▸ **Your instructions**: Below are the records; count the lines that include the string "rule" and give only that number.

▸ **Material provided**:
________________________

lemma lipschitz_on_integral_abs_diff_powr:
  assumes F: "uniform_cdf_family M F" and G: "uniform_cdf_family M G" and p: "1 \<le> p"
  shows "(2 * p)-lipschitz_on {0..1} (\<lambda>y. \<integral>x. \<bar>F y x - G y x\<bar> powr p \<partial>M)"
proof -
  let ?\<Phi> = "\<lambda>y. \<integral>x. \<bar>F y x - G y x\<bar> powr p \<partial>M"
  have int_powr: "integrable M (\<lambda>x. \<bar>F y x - G y x\<bar> powr p)" for y
    using F G p by (rule uniform_cdf_family_integrable_abs_diff_powr)
  have step: "\<bar>?\<Phi> y' - ?\<Phi> y\<bar> \<le> 2 * p * (y' - y)"
    if y: "y \<in> {0..1}" "y' \<in> {0..1}" "y \<le> y'" for y y'
  proof -
    have FG: "F t x \<in> {0..1}" "G t x \<in> {0..1}" for t x
      using F G by (auto simp: uniform_cdf_family_def)
    have mono: "F y x \<le> F y' x" "G y x \<le> G y' x" for x
      using F G \<open>y \<le> y'\<close> by (auto simp: uniform_cdf_family_def mono_def)
    have pointwise: "\<bar>\<bar>F y' x - G y' x\<bar> powr p - \<bar>F y x - G y x\<bar> powr p\<bar>
        \<le> p * ((F y' x - F y x) + (G y' x - G y x))" for x
    proof -
      have "\<bar>\<bar>F y' x - G y' x\<bar> powr p - \<bar>F y x - G y x\<bar> powr p\<bar>
          \<le> p * \<bar>\<bar>F y' x - G y' x\<bar> - \<bar>F y x - G y x\<bar>\<bar>"
        using FG[of y' x] FG[of y x] p by (intro abs_powr_diff_le) auto
      also have "\<dots> \<le> p * ((F y' x - F y x) + (G y' x - G y x))"
        using mono[of x] p by (intro mult_left_mono) auto
      finally show ?thesis .
    qed
    have int: "integrable M (F t)" "integrable M (G t)" for t
      using F G by (auto intro: uniform_cdf_family_integrable)
    have "\<bar>?\<Phi> y' - ?\<Phi> y\<bar> = \<bar>\<integral>x. \<bar>F y' x - G y' x\<bar> powr p - \<bar>F y x - G y x\<bar> powr p \<partial>M\<bar>"
      using int_powr by simp
    also have "\<dots> \<le> (\<integral>x. \<bar>\<bar>F y' x - G y' x\<bar> powr p - \<bar>F y x - G y x\<bar> powr p\<bar> \<partial>M)"
      by (rule integral_abs_bound)
    also have "\<dots> \<le> (\<integral>x. p * ((F y' x - F y x) + (G y' x - G y x)) \<partial>M)"
      using pointwise by (intro integral_mono int_powr integrable_abs int Bochner_Integration.integrable_diff
          Bochner_Integration.integrable_add integrable_mult_right) auto
    also have "\<dots> = p * ((y' - y) + (y' - y))"
      using int y F G by (simp add: uniform_cdf_family_def)
    finally show ?thesis by (simp add: algebra_simps)
  qed
  show ?thesis
  proof (rule lipschitz_onI)
    fix y y' :: real assume "y \<in> {0..1}" "y' \<in> {0..1}"
    then show "dist (?\<Phi> y) (?\<Phi> y') \<le> 2 * p * dist y y'"
      using step[of y y'] step[of y' y] unfolding dist_real_def
      by (cases "y \<le> y'") (auto simp: abs_minus_commute)
  qed (use p in simp)
qed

________________________

▸ **Solution to this task**: 3